** Your goal **
Below this line is the material. Write out only its lines from the one containing "axis i0 (1::real)))" through the one containing "(dswallowtail i0 (\<gamma>", both kept, exactly.

⟨

lemma difference_quotient_tendsto:
  fixes F :: "real \<Rightarrow> 'a::real_normed_vector"
  assumes "(F has_derivative (\<lambda>t. t *\<^sub>R v)) (at 0)" "F 0 = 0"
  shows "((\<lambda>t. F t /\<^sub>R t) \<longlongrightarrow> v) (at 0)"
proof -
  have "((\<lambda>y. ((F y - F 0) - (y - 0) *\<^sub>R v) /\<^sub>R norm (y - 0)) \<longlongrightarrow> 0) (at 0)"
    using assms(1) unfolding has_derivative_at_within by blast
  then have "((\<lambda>y. norm (((F y - F 0) - (y - 0) *\<^sub>R v) /\<^sub>R norm (y - 0))) \<longlongrightarrow> 0) (at 0)"
    using tendsto_norm_zero by blast
  then have "((\<lambda>y. norm (F y /\<^sub>R y - v)) \<longlongrightarrow> 0) (at 0)"
  proof (rule Lim_transform_eventually)
    show "\<forall>\<^sub>F y in at 0. norm (((F y - F 0) - (y - 0) *\<^sub>R v) /\<^sub>R norm (y - 0)) = norm (F y /\<^sub>R y - v)"
      using eventually_at_zero_nonzero
    proof (rule eventually_mono)
      fix y :: real assume y: "y \<noteq> 0"
      have "F y /\<^sub>R y - v = (F y - y *\<^sub>R v) /\<^sub>R y" using y by (simp add: algebra_simps)
      then show "norm (((F y - F 0) - (y - 0) *\<^sub>R v) /\<^sub>R norm (y - 0)) = norm (F y /\<^sub>R y - v)"
        using assms(2) by simp
    qed
  qed
  then show ?thesis by (simp add: tendsto_norm_zero_iff Lim_null[symmetric])
qed

lemma subspace_in_union:
  assumes "subspace X" "subspace A" "subspace B" "X \<subseteq> A \<union> B"
  shows "X \<subseteq> A \<or> X \<subseteq> B"
proof (rule ccontr)
  assume "\<not> (X \<subseteq> A \<or> X \<subseteq> B)"
  then obtain u w where u: "u \<in> X" "u \<notin> A" and w: "w \<in> X" "w \<notin> B" by blast
  have uB: "u \<in> B" and wA: "w \<in> A" using u w assms(4) by blast+
  have "u + w \<in> A \<union> B" using assms(1,4) u w subspace_add by blast
  then show False
    using subspace_diff[OF assms(2) _ wA] subspace_diff[OF assms(3) _ uB] u w
    by (metis UnE add_diff_cancel add_diff_cancel_left')
qed

definition perp2 :: "'a::real_inner \<Rightarrow> 'a \<Rightarrow> 'a set" where
  "perp2 u v = {x. u \<bullet> x = 0 \<and> v \<bullet> x = 0}"

lemma subspace_perp2: "subspace (perp2 u v)"
proof -
  have "perp2 u v = {x. u \<bullet> x = 0} \<inter> {x. v \<bullet> x = 0}" unfolding perp2_def by blast
  then show ?thesis by (simp add: real_vector.subspace_inter subspace_hyperplane)
qed

lemma dim_perp2_less:
  fixes u v w :: "'a::euclidean_space"
  assumes "u \<noteq> 0" "u \<bullet> w = 0" "v \<bullet> w \<noteq> 0"
  shows "dim (perp2 u v) < DIM('a) - 1"
proof -
  have "perp2 u v \<subset> {x. u \<bullet> x = 0}" using assms(2,3) unfolding perp2_def by blast
  then have "dim (perp2 u v) < dim {x. u \<bullet> x = 0}"
    using dim_psubset subspace_perp2 subspace_hyperplane by (metis span_eq_iff)
  then show ?thesis using dim_hyperplane[OF assms(1)] by simp
qed

text \<open>Fourth obstruction (tangent cone).  \<psi> maps the singular hypersurface Y = -6x^2 of the
  swallowtail into the singular set of Phi, so the tangent cone of the latter at 0 contains
  the hyperplane M(T), T = {Y = 0}.  Here the tangent cone is controlled by a closed set C:
  every singular point p gives (t, p/t) \<in> C, and the limits (0, w) \<in> C lie in A \<union> B; if A and
  B are subspaces of dimension smaller than a hyperplane, A-equivalence is impossible.\<close>

lemma not_A_equivalent_if_thin_tangent_cone:
  fixes b d :: "real^'n" and A B :: "(real \<times> (real^'n)) set" and C :: "(real \<times> (real \<times> (real^'n))) set"
  assumes sA: "subspace A" and sB: "subspace B"
    and dA: "dim A < DIM(real \<times> (real^'n)) - 1" and dB: "dim B < DIM(real \<times> (real^'n)) - 1"
    and cC: "closed C" and inC: "\<And>t p. t \<noteq> 0 \<Longrightarrow> degenerate (dPhi a c b d p) \<Longrightarrow> (t, p /\<^sub>R t) \<in> C"
    and C0: "\<And>w. (0, w) \<in> C \<Longrightarrow> w \<in> A \<union> B"
  shows "\<not> A_equivalent (Phi a c b d) (swallowtail i0)"
proof
  assume "A_equivalent (Phi a c b d) (swallowtail i0)"
  then obtain N W \<phi> \<psi> M where oW: "open W" and W0: "0 \<in> W" and \<psi>0: "\<psi> 0 = 0"
    and WN: "\<forall>z\<in>W. \<psi> z \<in> N \<and> \<phi> (\<psi> z) = z"
    and M: "(\<psi> has_derivative M) (at 0)" and linM: "linear M" and injM: "inj M"
    and singular: "\<forall>p\<in>N. degenerate (dPhi a c b d p) \<longleftrightarrow> degenerate (dswallowtail i0 (\<phi> p))"
    by (rule Phi_transfer) blast
  define T where "T = {v::real \<times> (real^'n). (0, axis i0 (1::real)) \<bullet> v = 0}"
  have M_tangent: "M v \<in> A \<union> B" if v: "v \<in> T" for v
  proof -
    have vY: "snd v $ i0 = 0" using v unfolding T_def by (cases v) (simp add: inner_axis_left)
    text \<open>A curve in the singular hypersurface of the swallowtail with velocity v at 0.\<close>
    define \<gamma> :: "real \<Rightarrow> real \<times> (real^'n)" where
      "\<gamma> t = (t * fst v, t *\<^sub>R snd v + (-6 * t ^ 2 * (fst v) ^ 2) *\<^sub>R axis i0 1)" for t
    have \<gamma>0: "\<gamma> 0 = 0" unfolding \<gamma>_def by (simp add: zero_prod_def)
    have \<gamma>d: "(\<gamma> has_derivative (\<lambda>s. s *\<^sub>R v)) (at 0)"
    proof -
      have "((\<lambda>t. (t * fst v, t *\<^sub>R snd v + (-6 * t ^ 2 * (fst v) ^ 2) *\<^sub>R axis i0 (1::real)))
          has_derivative (\<lambda>s. (s * fst v, s *\<^sub>R snd v + (-6 * (2 * 0 * s) * (fst v) ^ 2) *\<^sub>R axis i0 1))) (at 0)"
        by (rule derivative_eq_intros refl | simp)+
      then show ?thesis unfolding \<gamma>_def by (simp add: scaleR_prod_def)
    qed
    have "(\<gamma> \<longlongrightarrow> 0) (at 0)"
      using \<gamma>0 has_derivative_continuous[OF \<gamma>d] by (metis isCont_def)
    then have evW: "\<forall>\<^sub>F t in at 0. \<gamma> t \<in> W" by (rule topological_tendstoD[OF _ oW W0])
    have \<gamma>_singular: "degenerate (dPhi a c b d (\<psi> (\<gamma> t)))" if "\<gamma> t \<in> W" for t
    proof -
      have "degenerate (dswallowtail i0 (\<gamma> t))"
        unfolding degenerate_dswallowtail \<gamma>_def using vY by (simp add: power_mult_distrib)
      then show ?thesis using singular WN that by auto
    qed
    have "((\<psi> \<circ> \<gamma>) has_derivative (M \<circ> (\<lambda>s. s *\<^sub>R v))) (at 0)"
      by (rule diff_chain_at[OF \<gamma>d]) (use M \<gamma>0 in simp)
    moreover have "M \<circ> (\<lambda>s. s *\<^sub>R v) = (\<lambda>s. s *\<^sub>R M v)"
      using linM by (simp add: o_def linear_cmul)
    ultimately have "((\<lambda>t. (\<psi> \<circ> \<gamma>) t /\<^sub>R t) \<longlongrightarrow> M v) (at 0)"
      using difference_quotient_tendsto \<gamma>0 \<psi>0 by (metis comp_apply)
    then have lim: "((\<lambda>t. (t, (\<psi> \<circ> \<gamma>) t /\<^sub>R t)) \<longlongrightarrow> (0, M v)) (at 0)"
      by (rule tendsto_Pair[OF tendsto_ident_at])
    have "\<forall>\<^sub>F t in at 0. (t, (\<psi> \<circ> \<gamma>) t /\<^sub>R t) \<in> C"
      using evW eventually_at_zero_nonzero
      by eventually_elim (use inC \<gamma>_singular in auto)
    then have "(0, M v) \<in> C" by (rule Lim_in_closed_set[OF cC _ at_neq_bot lim])
    then show ?thesis using C0 by blast
  qed
  have sT: "subspace T" unfolding T_def by (rule subspace_hyperplane)
  have sMT: "subspace (M ` T)" by (rule real_vector.linear_subspace_image[OF linM sT])
  have "M ` T \<subseteq> A \<or> M ` T \<subseteq> B" using subspace_in_union[OF sMT sA sB] M_tangent by blast
  then have "dim (M ` T) \<le> dim A \<or> dim (M ` T) \<le> dim B" using dim_subset by blast
  moreover have "dim (M ` T) = dim T"
    using dim_image_eq[OF linM] injM by (meson inj_on_subset subset_UNIV)
  moreover have "dim T = DIM(real \<times> (real^'n)) - 1"
    unfolding T_def by (rule dim_hyperplane) (simp add: zero_prod_def axis_eq_0_iff)
  ultimately show False using dA dB by linarith
qed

⟩

** Output for this task **
      have "((\<lambda>t. (t * fst v, t *\<^sub>R snd v + (-6 * t ^ 2 * (fst v) ^ 2) *\<^sub>R axis i0 (1::real)))
          has_derivative (\<lambda>s. (s * fst v, s *\<^sub>R snd v + (-6 * (2 * 0 * s) * (fst v) ^ 2) *\<^sub>R axis i0 1))) (at 0)"
        by (rule derivative_eq_intros refl | simp)+
      then show ?thesis unfolding \<gamma>_def by (simp add: scaleR_prod_def)
    qed
    have "(\<gamma> \<longlongrightarrow> 0) (at 0)"
      using \<gamma>0 has_derivative_continuous[OF \<gamma>d] by (metis isCont_def)
    then have evW: "\<forall>\<^sub>F t in at 0. \<gamma> t \<in> W" by (rule topological_tendstoD[OF _ oW W0])
    have \<gamma>_singular: "degenerate (dPhi a c b d (\<psi> (\<gamma> t)))" if "\<gamma> t \<in> W" for t
    proof -
      have "degenerate (dswallowtail i0 (\<gamma> t))"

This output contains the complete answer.